Peroxisome biogenesis and human peroxisome assembly disorders : Approches to prenatal diagnosis and gene therapy.

过氧化物酶体生物合成和人类过氧化物酶体组装障碍：产前诊断和基因治疗方法。

基本信息

批准号：
08557011
负责人：
FUJIKI Yukio
金额：
$ 10.69万
依托单位：
KYUSHU UNIVERSITY
依托单位国家：
日本
项目类别：
Grant-in-Aid for Scientific Research (A)
财政年份：
1996
资助国家：
日本
起止时间：
1996 至 1998
项目状态：
已结题

项目摘要

With the support of this Grants-in Aid for Scientific Research 0 8 5 5 7 0 1 1 we obtained two major types of findings :I) Isolation, characterization, and complementation group analysis of novel CHO cell mutants defective in peroxisome biogenesisIn addition to the previously isolated, three complementation groups (CGs) of peroxisome-deficient CHO cell mutants, ZP24, Z65, and ZP92, we isolated ZPlO7 (the same group as Z24), ZP1O5/ZP139, ZPIO9, ZP11O, ZP114, ZP119, ZP124, and ZP126, by the P9OH/UV method. CG analysis by PEX cDNA transfection and/or cell fusion with previously identified CGs of mutant cells, including 12 CGs of fibroblasts derived from patients with peroxisome biogenesis disorders (PBDs), revealed that ZP110, ZP114, and ZP126 are distinct from human CGs. Thus, it is evident that peroxisome assembly requires at least 15 gene-products.II) Cloning of novel peroxin genes By genetic functional complementation assay of newly isolated CHO cell mutants, we cloned several peroxin cDNAs (PEXs), including PEX1, PEX12, and PEX19 for ZP1O7, ZP1O9, and ZP119, respectively. We then delineated that gene mutations in PEX1, PEX12, and PEX19 are responsible for PBDs of CG-I (E), CG-III, and CG-J, respectively. Moreover, we isolated PEX1O and PEX16 by expressed sequence tag (EST) DNA search using yeast genes and demonstrated that inactivation of PEX]O and PEX16 is the genetic cause of CG-VII (B) and CG-IX (D) PBDs, respectively. We also found two isoforms of the peroxin Pex5p (PTS 1 receptor) using CG-ll CHO mutants, ZP1O5 and ZP139. Impaired import of PTS1 proteins in the mutant cells was restored by both, shorter and longer, forms of Pex5p. More strikingly, the longer isoform of Pex5p was found to be involved in import of PTS2 proteins as well.

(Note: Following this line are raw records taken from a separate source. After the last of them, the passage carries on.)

section \<open>Syzygies and higher extensions\<close>

locale extriangulated_enough_projectives = extriangulated_category +
  assumes enough_projectives: "enough_projectives CC"
begin

lemma Omega_realization:
  assumes W: "W \<in> Ob CC"
  shows "\<exists>d x y. Real CC d x y \<and> EA CC d = Omega CC W \<and> EC CC d = W \<and> projective CC (Cod CC x)"
proof -
  have "\<exists>K d x y. Real CC d x y \<and> EA CC d = K \<and> EC CC d = W \<and> projective CC (Cod CC x)"
    using enough_projectives W unfolding enough_projectives_def by blast
  from someI_ex[OF this] show ?thesis unfolding Omega_def .
qed

lemma Omega_in_Ob: "W \<in> Ob CC \<Longrightarrow> Omega CC W \<in> Ob CC"
  using Omega_realization realization_in_ext ext_objects by metis

lemma Omega_iter_in_Ob: "X \<in> Ob CC \<Longrightarrow> (Omega CC ^^ k) X \<in> Ob CC"
  by (induction k) (auto simp: Omega_in_Ob)

text \<open>If E(W,-) vanishes, the syzygy conflation of W splits, so Omega W is a summand of a
  projective.\<close>
lemma ext_vanish_Omega:
  assumes W: "W \<in> Ob CC" and v: "\<And>Y. ext_vanish CC W Y"
  shows "ext_vanish CC (Omega CC W) Y"
proof -
  obtain d x y where r: "Real CC d x y" "EA CC d = Omega CC W" "EC CC d = W"
    "projective CC (Cod CC x)"
    using Omega_realization[OF W] by blast
  have "d = EZer CC (EC CC d) (EA CC d)" using v realization_in_ext[OF r(1)] r(3) by blast
  hence "projective CC (Omega CC W)" using split_inflation_projective[OF r(1) r(4)] r(2) by simp
  thus ?thesis using projective_ext_vanish by blast
qed

lemma ext_vanish_Omega_iter:
  assumes W: "W \<in> Ob CC" and v: "\<And>Y. ext_vanish CC W Y"
  shows "ext_vanish CC ((Omega CC ^^ k) W) Y"
proof (induction k arbitrary: Y)
  case 0 show ?case using v by simp
next
  case (Suc k) show ?case using ext_vanish_Omega[OF Omega_iter_in_Ob[OF W] Suc] by simp
qed

lemma Ehigh_zero_above_pd:
  assumes X: "X \<in> Ob CC" and pd: "pd_le CC n X" and m: "n + 1 \<le> m"
  shows "Ehigh_zero CC m X Y"
proof -
  have v: "ext_vanish CC ((Omega CC ^^ n) X) Z" for Z
    using pd ext_objects unfolding pd_le_def Ehigh_zero_def by fastforce
  have "m - 1 = (m - 1 - n) + n" using m by simp
  hence "(Omega CC ^^ (m - 1)) X = (Omega CC ^^ (m - 1 - n)) ((Omega CC ^^ n) X)"
    by (metis funpow_add comp_apply)
  thus ?thesis unfolding Ehigh_zero_def
    using ext_vanish_Omega_iter[OF Omega_iter_in_Ob[OF X] v] by simp
qed

lemma Ehigh_zero_dimension_shift:
  assumes X: "X \<in> Ob CC" and i: "1 \<le> i" and r: "Real CC d x y"
    and vB: "Ehigh_zero CC i X (Cod CC x)" and vA: "Ehigh_zero CC (Suc i) X (EA CC d)"
  shows "Ehigh_zero CC i X (EC CC d)"
proof -
  define W where "W = (Omega CC ^^ (i - 1)) X"
  obtain \<delta> u v where rw: "Real CC \<delta> u v" "EA CC \<delta> = Omega CC W" "EC CC \<delta> = W"
    "projective CC (Cod CC u)"
    using Omega_realization[OF Omega_iter_in_Ob[OF X]] unfolding W_def by blast
  have "(Omega CC ^^ (Suc i - 1)) X = Omega CC W" using i unfolding W_def by (cases i) auto
  thus ?thesis
    using ext_vanish_dimension_shift[OF rw(1) rw(4) r] vA vB rw(2,3)
    unfolding Ehigh_zero_def W_def by simp
qed

section \<open>Tilting subcategories\<close>

lemma tilting_subset_Ob: "tilting CC n T \<Longrightarrow> T \<subseteq> Ob CC"
  unfolding tilting_def subcat_def by blast

lemma Ehigh_zero_perp_descent:
  assumes t1: "tilting CC n T1" and t2: "tilting CC n T2" and le: "T1 \<subseteq> perp CC T2"
    and X: "X \<in> T2"
  shows "Y \<in> perp CC T1 \<Longrightarrow> 1 \<le> i \<Longrightarrow> n + 1 \<le> i + k \<Longrightarrow> Ehigh_zero CC i X Y"
proof (induction k arbitrary: Y i)
  case 0
  have "X \<in> Ob CC" "pd_le CC n X" using X t2 tilting_subset_Ob unfolding tilting_def by auto
  then show ?case using Ehigh_zero_above_pd 0 by simp
next
  case (Suc k)
  obtain d x y where r: "Real CC d x y" "EC CC d = Y" "Cod CC x \<in> T1" "EA CC d \<in> perp CC T1"
    using t1 Suc.prems(1) unfolding tilting_def by blast
  have "Ehigh_zero CC (Suc i) X (EA CC d)" using Suc.IH[OF r(4)] Suc.prems(2,3) by simp
  moreover have "Ehigh_zero CC i X (Cod CC x)"
    using le r(3) X Suc.prems(2) unfolding perp_def by blast
  ultimately show ?case
    using Ehigh_zero_dimension_shift[OF _ Suc.prems(2) r(1)] X t2 tilting_subset_Ob r(2) by blast
qed

lemma perp_subset_perp_of_tilting:
  assumes t1: "tilting CC n T1" and t2: "tilting CC n T2" and le: "T1 \<subseteq> perp CC T2"
  shows "perp CC T1 \<subseteq> perp CC T2"
proof
  fix Y assume Y: "Y \<in> perp CC T1"
  have "Ehigh_zero CC i X Y" if "1 \<le> i" "X \<in> T2" for i X
    using Ehigh_zero_perp_descent[OF t1 t2 le that(2) Y, of i n] that(1) by simp
  thus "Y \<in> perp CC T2" using Y unfolding perp_def by blast
qed

lemma tilting_antisym:
  assumes t1: "tilting CC n T1" and t2: "tilting CC n T2"
    and le12: "T1 \<subseteq> perp CC T2" and le21: "T2 \<subseteq> perp CC T1"
  shows "T1 \<subseteq> T2"
proof
  fix X assume X: "X \<in> T1"
  obtain d x y where r: "Real CC d x y" "EC CC d = X" "Cod CC x \<in> T2" "EA CC d \<in> perp CC T2"
    using t2 X le12 unfolding tilting_def by blast
  have "EA CC d \<in> perp CC T1" using perp_subset_perp_of_tilting[OF t2 t1 le21] r(4) by blast
  hence "Ehigh_zero CC 1 X (EA CC d)" using X unfolding perp_def by blast
  hence d0: "d = EZer CC (EC CC d) (EA CC d)"
    using realization_in_ext[OF r(1)] r(2) unfolding Ehigh_zero_def by auto
  obtain S i1 i2 p1 p2 where bp: "biproduct CC (EA CC d) (EC CC d) S i1 i2 p1 p2"
    using biproduct_exists realization_in_ext[OF r(1)] ext_objects by blast
  obtain b where "is_iso CC (Cod CC x) S b" using split_realization_iso[OF r(1) d0 bp] by blast
  hence "S \<in> T2" using t2 r(3) unfolding tilting_def subcat_def by blast
  thus "X \<in> T2" using t2 biproduct_swap[OF bp] r(2) unfolding tilting_def summand_closed_def by blast
qed

end

theorem corollary4p14:
  fixes CC :: "('o,'m,'e) extri_data" and n :: nat
  assumes "extriangulated CC" and "krull_schmidt CC"
    and "enough_projectives CC" and "enough_injectives CC"
  shows "partial_order_on {T. tilting CC n T}
           {(T1, T2). tilting CC n T1 \<and> tilting CC n T2 \<and> T1 \<subseteq> perp CC T2}"
    (is "partial_order_on ?A ?le")
proof -
  interpret extriangulated_enough_projectives CC
    using assms(1,3) by unfold_locales
  have "?le \<subseteq> ?A \<times> ?A" by blast
  moreover have "refl_on ?A ?le" by (rule refl_onI) (auto simp: tilting_def)
  moreover have "trans ?le"
    by (rule transI) (use perp_subset_perp_of_tilting in blast)
  moreover have "antisym ?le"
    by (rule antisymI) (use tilting_antisym in blast)
  ultimately show ?thesis unfolding partial_order_on_def preorder_on_def by blast
qed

在这项科学研究资助 0 8 5 5 7 0 1 1 的支持下，我们获得了两类主要的发现：I) 过氧化物酶体生物发生缺陷的新型 CHO 细胞突变体的分离、表征和互补组分析除了先前分离的过氧化物酶体缺陷型 CHO 细胞突变体 ZP24、Z65 和 ZP92 的三个互补组 (CG) ZP107(与Z24相同的组)、ZP1O5/ZP139、ZP109、ZP11O、ZP114、ZP119、ZP124和ZP126，通过P9OH/UV方法测定。通过 PEX cDNA 转染和/或与先前鉴定的突变细胞 CG（包括来自过氧化物酶体生物发生障碍 (PBD) 患者的成纤维细胞的 12 个 CG）进行细胞融合进行的 CG 分析表明，ZP110、ZP114 和 ZP126 与人类 CG 不同。因此，很明显，过氧化物酶体的组装需要至少15个基因产物。 II)新型过氧化物酶基因的克隆通过对新分离的CHO细胞突变体的遗传功能互补分析，我们克隆了几个过氧化物酶cDNA（PEX），包括PEX1、PEX12和PEX19 分别用于 ZP1O7、ZP1O9 和 ZP119。然后我们描述了 PEX1、PEX12 和 PEX19 中的基因突变分别导致 CG-I (E)、CG-III 和 CG-J 的 PBD。此外，我们使用酵母基因通过表达序列标签（EST）DNA搜索分离了PEX1O和PEX16，并证明PEX]O和PEX16的失活分别是CG-VII（B）和CG-IX（D）PBD的遗传原因。我们还使用 CG-II CHO 突变体发现了过氧化物酶 Pex5p（PTS 1 受体）的两种亚型，ZP1O5 和 ZP139。突变细胞中受损的 PTS1 蛋白输入可通过较短和较长形式的 Pex5p 恢复。更引人注目的是，发现较长的 Pex5p 亚型也参与 PTS2 蛋白的输入。